• **THE PROBLEM**
Among the records below, find the lines that contain "Defs" and copy each of them.

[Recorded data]
══════════
(* There exist infinite diameter, infinite valence graphs $\mathcal G$ that are quasi-isometric to trees but whose Rips complex $R_d(\mathcal G)$ is not $CAT(0)$ for any $d$.
   Context: For a graph $\mathcal G$ and $d>0$, the Rips complex $R_d(\mathcal G)$ is the simplicial complex whose vertices are the vertices of $\mathcal G$ and whose simplices are the finite sets of vertices with pairwise distance $\le d$ in $\mathcal G$ (metrized as a piecewise Euclidean complex with regular simplices). *)

theory Defs
  imports "HOL-Analysis.Analysis"
begin

definition simple_graph :: "'v set \<Rightarrow> ('v \<Rightarrow> 'v \<Rightarrow> bool) \<Rightarrow> bool" where
  "simple_graph V E \<longleftrightarrow> V \<noteq> {} \<and> (\<forall>u v. E u v \<longrightarrow> u \<in> V \<and> v \<in> V)
     \<and> (\<forall>u v. E u v \<longrightarrow> E v u) \<and> (\<forall>u. \<not> E u u)"

definition walk :: "'v set \<Rightarrow> ('v \<Rightarrow> 'v \<Rightarrow> bool) \<Rightarrow> 'v list \<Rightarrow> bool" where
  "walk V E xs \<longleftrightarrow> xs \<noteq> [] \<and> set xs \<subseteq> V \<and> (\<forall>i < length xs - 1. E (xs ! i) (xs ! Suc i))"

definition connected_graph :: "'v set \<Rightarrow> ('v \<Rightarrow> 'v \<Rightarrow> bool) \<Rightarrow> bool" where
  "connected_graph V E \<longleftrightarrow> (\<forall>u\<in>V. \<forall>v\<in>V. \<exists>xs. walk V E xs \<and> hd xs = u \<and> last xs = v)"

definition gdist :: "'v set \<Rightarrow> ('v \<Rightarrow> 'v \<Rightarrow> bool) \<Rightarrow> 'v \<Rightarrow> 'v \<Rightarrow> nat" where
  "gdist V E u v = (LEAST n. \<exists>xs. walk V E xs \<and> hd xs = u \<and> last xs = v \<and> length xs = Suc n)"

definition has_cycle :: "'v set \<Rightarrow> ('v \<Rightarrow> 'v \<Rightarrow> bool) \<Rightarrow> bool" where
  "has_cycle V E \<longleftrightarrow> (\<exists>xs. walk V E xs \<and> distinct xs \<and> length xs \<ge> 3 \<and> E (last xs) (hd xs))"

definition is_tree :: "'v set \<Rightarrow> ('v \<Rightarrow> 'v \<Rightarrow> bool) \<Rightarrow> bool" where
  "is_tree V E \<longleftrightarrow> simple_graph V E \<and> connected_graph V E \<and> \<not> has_cycle V E"

definition quasi_isometric ::
  "'v set \<Rightarrow> ('v \<Rightarrow> 'v \<Rightarrow> bool) \<Rightarrow> 'w set \<Rightarrow> ('w \<Rightarrow> 'w \<Rightarrow> bool) \<Rightarrow> bool" where
  "quasi_isometric V E W F \<longleftrightarrow>
     (\<exists>f lam C. lam \<ge> 1 \<and> C \<ge> 0 \<and> f ` V \<subseteq> W \<and>
        (\<forall>x\<in>V. \<forall>y\<in>V.
           real (gdist V E x y) / lam - C \<le> real (gdist W F (f x) (f y)) \<and>
           real (gdist W F (f x) (f y)) \<le> lam * real (gdist V E x y) + C) \<and>
        (\<forall>z\<in>W. \<exists>x\<in>V. real (gdist W F (f x) z) \<le> C))"

definition rips_simplex :: "'v set \<Rightarrow> ('v \<Rightarrow> 'v \<Rightarrow> bool) \<Rightarrow> real \<Rightarrow> 'v set \<Rightarrow> bool" where
  "rips_simplex V E d S \<longleftrightarrow> finite S \<and> S \<noteq> {} \<and> S \<subseteq> V \<and>
     (\<forall>u\<in>S. \<forall>v\<in>S. real (gdist V E u v) \<le> d)"

definition bsupp :: "('v \<Rightarrow> real) \<Rightarrow> 'v set" where
  "bsupp x = {v. x v \<noteq> 0}"

text \<open>Points of the geometric realization, in barycentric coordinates.\<close>
definition rips_points :: "'v set \<Rightarrow> ('v \<Rightarrow> 'v \<Rightarrow> bool) \<Rightarrow> real \<Rightarrow> ('v \<Rightarrow> real) set" where
  "rips_points V E d = {x. (\<forall>v. x v \<ge> 0) \<and> rips_simplex V E d (bsupp x) \<and> sum x (bsupp x) = 1}"

text \<open>Euclidean distance inside a common regular simplex with edge length 1
  (vertex v realised as the point e_v / sqrt 2).\<close>
definition simplex_dist :: "('v \<Rightarrow> real) \<Rightarrow> ('v \<Rightarrow> real) \<Rightarrow> real" where
  "simplex_dist x y = sqrt ((\<Sum>v\<in>bsupp x \<union> bsupp y. (x v - y v)^2) / 2)"

text \<open>Intrinsic (length) metric: infimum of lengths of strings of points,
  consecutive points lying in a common simplex.\<close>
definition rips_chain :: "'v set \<Rightarrow> ('v \<Rightarrow> 'v \<Rightarrow> bool) \<Rightarrow> real \<Rightarrow> ('v \<Rightarrow> real) list \<Rightarrow> bool" where
  "rips_chain V E d ps \<longleftrightarrow> ps \<noteq> [] \<and> set ps \<subseteq> rips_points V E d \<and>
     (\<forall>i < length ps - 1. rips_simplex V E d (bsupp (ps ! i) \<union> bsupp (ps ! Suc i)))"

definition rips_dist :: "'v set \<Rightarrow> ('v \<Rightarrow> 'v \<Rightarrow> bool) \<Rightarrow> real \<Rightarrow> ('v \<Rightarrow> real) \<Rightarrow> ('v \<Rightarrow> real) \<Rightarrow> real" where
  "rips_dist V E d x y = Inf {(\<Sum>i < length ps - 1. simplex_dist (ps ! i) (ps ! Suc i)) | ps.
        rips_chain V E d ps \<and> hd ps = x \<and> last ps = y}"

definition is_metric_on :: "'p set \<Rightarrow> ('p \<Rightarrow> 'p \<Rightarrow> real) \<Rightarrow> bool" where
  "is_metric_on X dd \<longleftrightarrow> (\<forall>x\<in>X. \<forall>y\<in>X. dd x y \<ge> 0 \<and> (dd x y = 0 \<longleftrightarrow> x = y) \<and> dd x y = dd y x) \<and>
     (\<forall>x\<in>X. \<forall>y\<in>X. \<forall>z\<in>X. dd x z \<le> dd x y + dd y z)"

definition geodesic_seg :: "'p set \<Rightarrow> ('p \<Rightarrow> 'p \<Rightarrow> real) \<Rightarrow> (real \<Rightarrow> 'p) \<Rightarrow> 'p \<Rightarrow> 'p \<Rightarrow> bool" where
  "geodesic_seg X dd g x y \<longleftrightarrow> g 0 = x \<and> g (dd x y) = y \<and> (\<forall>s\<in>{0..dd x y}. g s \<in> X) \<and>
     (\<forall>s\<in>{0..dd x y}. \<forall>t\<in>{0..dd x y}. dd (g s) (g t) = \<bar>s - t\<bar>)"

definition geodesic_space :: "'p set \<Rightarrow> ('p \<Rightarrow> 'p \<Rightarrow> real) \<Rightarrow> bool" where
  "geodesic_space X dd \<longleftrightarrow> is_metric_on X dd \<and> (\<forall>x\<in>X. \<forall>y\<in>X. \<exists>g. geodesic_seg X dd g x y)"

text \<open>CAT(0): geodesic, and every geodesic triangle (vertices x 0, x 1, x 2, sides g i from
  x i to x (i+1 mod 3)) is no fatter than its Euclidean comparison triangle P 0, P 1, P 2
  in the plane (here the complex plane).\<close>
definition CAT0 :: "'p set \<Rightarrow> ('p \<Rightarrow> 'p \<Rightarrow> real) \<Rightarrow> bool" where
  "CAT0 X dd \<longleftrightarrow> geodesic_space X dd \<and>
    (\<forall>(x :: nat \<Rightarrow> 'p) (g :: nat \<Rightarrow> real \<Rightarrow> 'p) (P :: nat \<Rightarrow> complex).
       (\<forall>i<3. x i \<in> X) \<longrightarrow>
       (\<forall>i<3. geodesic_seg X dd (g i) (x i) (x (Suc i mod 3))) \<longrightarrow>
       (\<forall>i<3. cmod (P (Suc i mod 3) - P i) = dd (x i) (x (Suc i mod 3))) \<longrightarrow>
       (\<forall>i<3. \<forall>j<3. \<forall>s\<in>{0..dd (x i) (x (Suc i mod 3))}. \<forall>t\<in>{0..dd (x j) (x (Suc j mod 3))}.
          dd (g i s) (g j t) \<le>
          cmod ((P i + of_real (s / dd (x i) (x (Suc i mod 3))) * (P (Suc i mod 3) - P i))
              - (P j + of_real (t / dd (x j) (x (Suc j mod 3))) * (P (Suc j mod 3) - P j)))))"

end

theory Submission
  imports Defs "HOL-Library.Nat_Bijection" "HOL-Combinatorics.Transposition"
begin

text \<open>
  Take the graph on the vertices (k, j) of \<open>\<nat> \<times> \<nat>\<close> in which every vertex of level k is joined
  to every vertex of levels k - 1 and k + 1. The level map is a quasi-isometry onto the
  ray, and the graph has infinite valence and infinite diameter. In a CAT(0) space geodesics
  are unique, so an isometry fixing two points fixes the geodesic between them. Transposing
  two vertices of the same level is a graph automorphism and acts isometrically on the Rips
  complex. For vertices p, q at distance more than d, the midpoint of the geodesic from p to q
  is therefore fixed by every transposition within a level avoiding p and q; as its support
  is finite, it lies in {p, q}, and since p and q span no simplex the midpoint would be an
  endpoint, which is absurd.
\<close>

lemma walk_singleton [simp]: "walk V E [x] \<longleftrightarrow> x \<in> V"
  by (simp add: walk_def)

lemma walk_Cons_Cons:
  "walk V E (x # y # ys) \<longleftrightarrow> x \<in> V \<and> E x y \<and> walk V E (y # ys)"
  unfolding walk_def by (auto simp: All_less_Suc2)

lemma walk_snoc:
  assumes "walk V E xs" "E (last xs) y" "y \<in> V"
  shows "walk V E (xs @ [y])"
  using assms
proof (induction xs rule: induct_list012)
  case (3 x z zs)
  then show ?case by (cases zs) (auto simp: walk_Cons_Cons)
qed (auto simp: walk_def)

lemma walk_rev:
  assumes sym: "\<And>u v. E u v \<Longrightarrow> E v u" and "walk V E xs"
  shows "walk V E (rev xs)"
  using assms(2)
proof (induction xs rule: induct_list012)
  case (3 x y ys)
  then have "walk V E (rev (y # ys))" by (simp add: walk_Cons_Cons)
  moreover have "E (last (rev (y # ys))) x" "x \<in> V"
    using 3(3) by (auto simp: walk_Cons_Cons sym)
  ultimately show ?case
    using walk_snoc by fastforce
qed (auto simp: walk_def)

lemma walk_map:
  assumes "walk V E xs" "\<And>v. v \<in> V \<Longrightarrow> f v \<in> W" "\<And>u v. E u v \<Longrightarrow> F (f u) (f v)"
  shows "walk W F (map f xs)"
  using assms unfolding walk_def by auto

lemma gdist_le_length:
  assumes "walk V E xs" "hd xs = u" "last xs = v"
  shows "gdist V E u v \<le> length xs - 1"
proof -
  have "length xs = Suc (length xs - 1)"
    using assms by (cases xs) (auto simp: walk_def)
  then show ?thesis
    unfolding gdist_def using assms by (intro Least_le) blast
qed

lemma walk_of_length_gdist:
  assumes "walk V E xs" "hd xs = u" "last xs = v"
  obtains ys where "walk V E ys" "hd ys = u" "last ys = v" "length ys = Suc (gdist V E u v)"
proof -
  have "length xs = Suc (length xs - 1)"
    using assms by (cases xs) (auto simp: walk_def)
  then have "\<exists>n ys. walk V E ys \<and> hd ys = u \<and> last ys = v \<and> length ys = Suc n"
    using assms by blast
  from LeastI_ex[OF this] show ?thesis
    using that unfolding gdist_def by blast
qed

lemma walk_height_bound:
  fixes h :: "'v \<Rightarrow> real"
  assumes lip: "\<And>u v. E u v \<Longrightarrow> \<bar>h u - h v\<bar> \<le> 1" and "walk V E xs"
  shows "\<bar>h (hd xs) - h (last xs)\<bar> \<le> real (length xs - 1)"
  using assms(2)
proof (induction xs rule: induct_list012)
  case (3 x y ys)
  then have "\<bar>h y - h (last (y # ys))\<bar> \<le> real (length ys)" and "\<bar>h x - h y\<bar> \<le> 1"
    by (auto simp: walk_Cons_Cons lip)
  then show ?case by simp
qed (auto simp: walk_def)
══════════
• **FINISHED EXERCISE**
theory Defs
  imports Defs "HOL-Library.Nat_Bijection" "HOL-Combinatorics.Transposition"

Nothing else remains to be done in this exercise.